We're Back!
Dear Seekers,
One of the gems that was uncovered from our Seven Deadly Sins: Sloth experience this weekend, is that many of us want more ease but we are afraid of the losses that might occur if we stop doing (serving, people-pleasing, affiliating, working) in order to create more space for it.
Growing up, many of us learned that meeting other peoples' needs secured relationship to them. We came to believe that to receive love means we have to work extra hard. If you had an angry parent who was less mad if the house was clean, you cleaned the house. If your father didn't ask about your emotions, you may have asked about his to feel closer. If your teacher was kinder to more pleasing children, you learned how to smile when you wanted to scream.

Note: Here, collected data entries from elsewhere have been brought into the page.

(* Let $X\subseteq\mathbb{C}^n$ be a complex analytic variety, $x\in X$, and $M$ a free $\mathcal{O}_{X,x}$-submodule of $\mathcal{O}_{X,x}^p$ of rank $k\in\mathbb{N}$. Then $I_{2k}(M_D)\subseteq I_\Delta^{k-1}\,I_2((I_k(M))_D)$.
   Context: $z_1,\dots,z_n$ are coordinates on $\mathbb{C}^n$, $\pi_1,\pi_2:X\times X\to X$ the projections, $I_\Delta\subseteq\mathcal{O}_{X\times X,(x,x)}$ the ideal generated by $z_i\circ\pi_1-z_i\circ\pi_2$. For $h$ in $\mathcal{O}_{X,x}^p$ or $\mathcal{O}_{X,x}$, $h_D=(h\circ\pi_1,h\circ\pi_2)$; for a module or ideal $N$, $N_D$ is the submodule over $\mathcal{O}_{X\times X,(x,x)}$ generated by $\{h_D:h\in N\}$. $I_j(N)$ is the ideal of $j\times j$ minors of a matrix of generators of $N$. *)

theory Defs
  imports "HOL-Analysis.Analysis"
begin

definition holo_on :: "(complex^'m \<Rightarrow> complex) \<Rightarrow> (complex^'m) set \<Rightarrow> bool" where
  "holo_on f U \<longleftrightarrow> open U \<and>
     (\<forall>z\<in>U. \<exists>D. (f has_derivative D) (at z) \<and> (\<forall>c v. D (c *s v) = c * D v))"

text \<open>f represents a germ at a of a holomorphic function (on the ambient space).\<close>
definition ogerm :: "complex^'m \<Rightarrow> (complex^'m \<Rightarrow> complex) \<Rightarrow> bool" where
  "ogerm a f \<longleftrightarrow> (\<exists>U. a \<in> U \<and> holo_on f U)"

text \<open>Equality of germs at a on the set S (i.e. equality in O_{S,a}).\<close>
definition germ_eq :: "(complex^'m) set \<Rightarrow> complex^'m \<Rightarrow> (complex^'m \<Rightarrow> complex)
    \<Rightarrow> (complex^'m \<Rightarrow> complex) \<Rightarrow> bool" where
  "germ_eq S a f g \<longleftrightarrow> (\<exists>U. open U \<and> a \<in> U \<and> (\<forall>z\<in>U \<inter> S. f z = g z))"

definition analytic_variety :: "(complex^'n) set \<Rightarrow> bool" where
  "analytic_variety X \<longleftrightarrow> (\<forall>y\<in>X. \<exists>U F. open U \<and> y \<in> U \<and> finite F \<and>
      (\<forall>f\<in>F. holo_on f U) \<and> X \<inter> U = {z\<in>U. \<forall>f\<in>F. f z = 0})"

text \<open>The ideal of O_{S,a} generated by a set G of germs (as a set of representatives).\<close>
definition ideal_gen :: "(complex^'m) set \<Rightarrow> complex^'m \<Rightarrow> (complex^'m \<Rightarrow> complex) set
    \<Rightarrow> (complex^'m \<Rightarrow> complex) set" where
  "ideal_gen S a G = {g. ogerm a g \<and> (\<exists>(N::nat) c q. (\<forall>j<N. ogerm a (c j) \<and> q j \<in> G) \<and>
       germ_eq S a g (\<lambda>z. \<Sum>j<N. c j z * q j z))}"

definition ideal_mult :: "(complex^'m) set \<Rightarrow> complex^'m \<Rightarrow> (complex^'m \<Rightarrow> complex) set
    \<Rightarrow> (complex^'m \<Rightarrow> complex) set \<Rightarrow> (complex^'m \<Rightarrow> complex) set" where
  "ideal_mult S a I J = ideal_gen S a {h. \<exists>f g. f \<in> I \<and> g \<in> J \<and> h = (\<lambda>z. f z * g z)}"

primrec ideal_pow :: "(complex^'m) set \<Rightarrow> complex^'m \<Rightarrow> (complex^'m \<Rightarrow> complex) set
    \<Rightarrow> nat \<Rightarrow> (complex^'m \<Rightarrow> complex) set" where
  "ideal_pow S a I 0 = ideal_gen S a {\<lambda>_. 1}"
| "ideal_pow S a I (Suc n) = ideal_mult S a (ideal_pow S a I n) I"

definition detn :: "nat \<Rightarrow> (nat \<Rightarrow> nat \<Rightarrow> complex) \<Rightarrow> complex" where
  "detn N A = (\<Sum>\<pi> | \<pi> permutes {..<N}. of_int (sign \<pi>) * (\<Prod>i<N. A i (\<pi> i)))"

text \<open>j x j minors of the matrix whose columns are the (generating) vectors in N;
  vectors are functions from a finite row index type to germs.\<close>
definition minors :: "nat \<Rightarrow> ('r \<Rightarrow> complex^'m \<Rightarrow> complex) set \<Rightarrow> (complex^'m \<Rightarrow> complex) set" where
  "minors j N = {f. \<exists>col rw. (\<forall>t<j. col t \<in> N) \<and> inj_on rw {..<j} \<and>
       f = (\<lambda>z. detn j (\<lambda>s t. col t (rw s) z))}"

text \<open>I_j(N) for the module generated by N in O_{S,a}^r.\<close>
definition I_minors :: "(complex^'m) set \<Rightarrow> complex^'m \<Rightarrow> nat
    \<Rightarrow> ('r \<Rightarrow> complex^'m \<Rightarrow> complex) set \<Rightarrow> (complex^'m \<Rightarrow> complex) set" where
  "I_minors S a j N = ideal_gen S a (minors j N)"

definition pi1 :: "complex^('n + 'n) \<Rightarrow> complex^'n" where
  "pi1 w = (\<chi> i. w $ Inl i)"

definition pi2 :: "complex^('n + 'n) \<Rightarrow> complex^'n" where
  "pi2 w = (\<chi> i. w $ Inr i)"

definition XX :: "(complex^'n) set \<Rightarrow> (complex^('n + 'n)) set" where
  "XX X = {w. pi1 w \<in> X \<and> pi2 w \<in> X}"

definition dpt :: "complex^'n \<Rightarrow> complex^('n + 'n)" where
  "dpt x = (\<chi> j. case j of Inl i \<Rightarrow> x $ i | Inr i \<Rightarrow> x $ i)"

definition I_Delta :: "(complex^'n) set \<Rightarrow> complex^'n \<Rightarrow> (complex^('n + 'n) \<Rightarrow> complex) set" where
  "I_Delta X x = ideal_gen (XX X) (dpt x) {f. \<exists>i. f = (\<lambda>w. pi1 w $ i - pi2 w $ i)}"

text \<open>h_D = (h o pi1, h o pi2), a vector with rows indexed by 'r + 'r.\<close>
definition Dvec :: "('r \<Rightarrow> complex^'n \<Rightarrow> complex) \<Rightarrow> ('r + 'r) \<Rightarrow> complex^('n + 'n) \<Rightarrow> complex" where
  "Dvec h = (\<lambda>r w. case r of Inl r' \<Rightarrow> h r' (pi1 w) | Inr r' \<Rightarrow> h r' (pi2 w))"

You grew up believing that your value was equal to your output; how much you gave determined your worth. It can be difficult to give yourself rest if you believe that it threatens your connections--
so you tuned out of you, to tune into them.
We give away the things we need--you ask your friend how she's doing when you want to know if she cares how you're doing, you bake the most beautiful cake for your partner's birthday hoping that he will prioritize yours, you decline an invite to something you want to go to because your child wants you.
What would happen if you nourished yourself with rest instead of nourishing others? What would it be like if you tolerated the anxiety of being "lazy"--a judgment that comes from a capitalist culture that attempts to motivate through shame--long enough to see what's underneath the anxiety? What if you gave other people the chance to love you, not for what you do, but for who you are?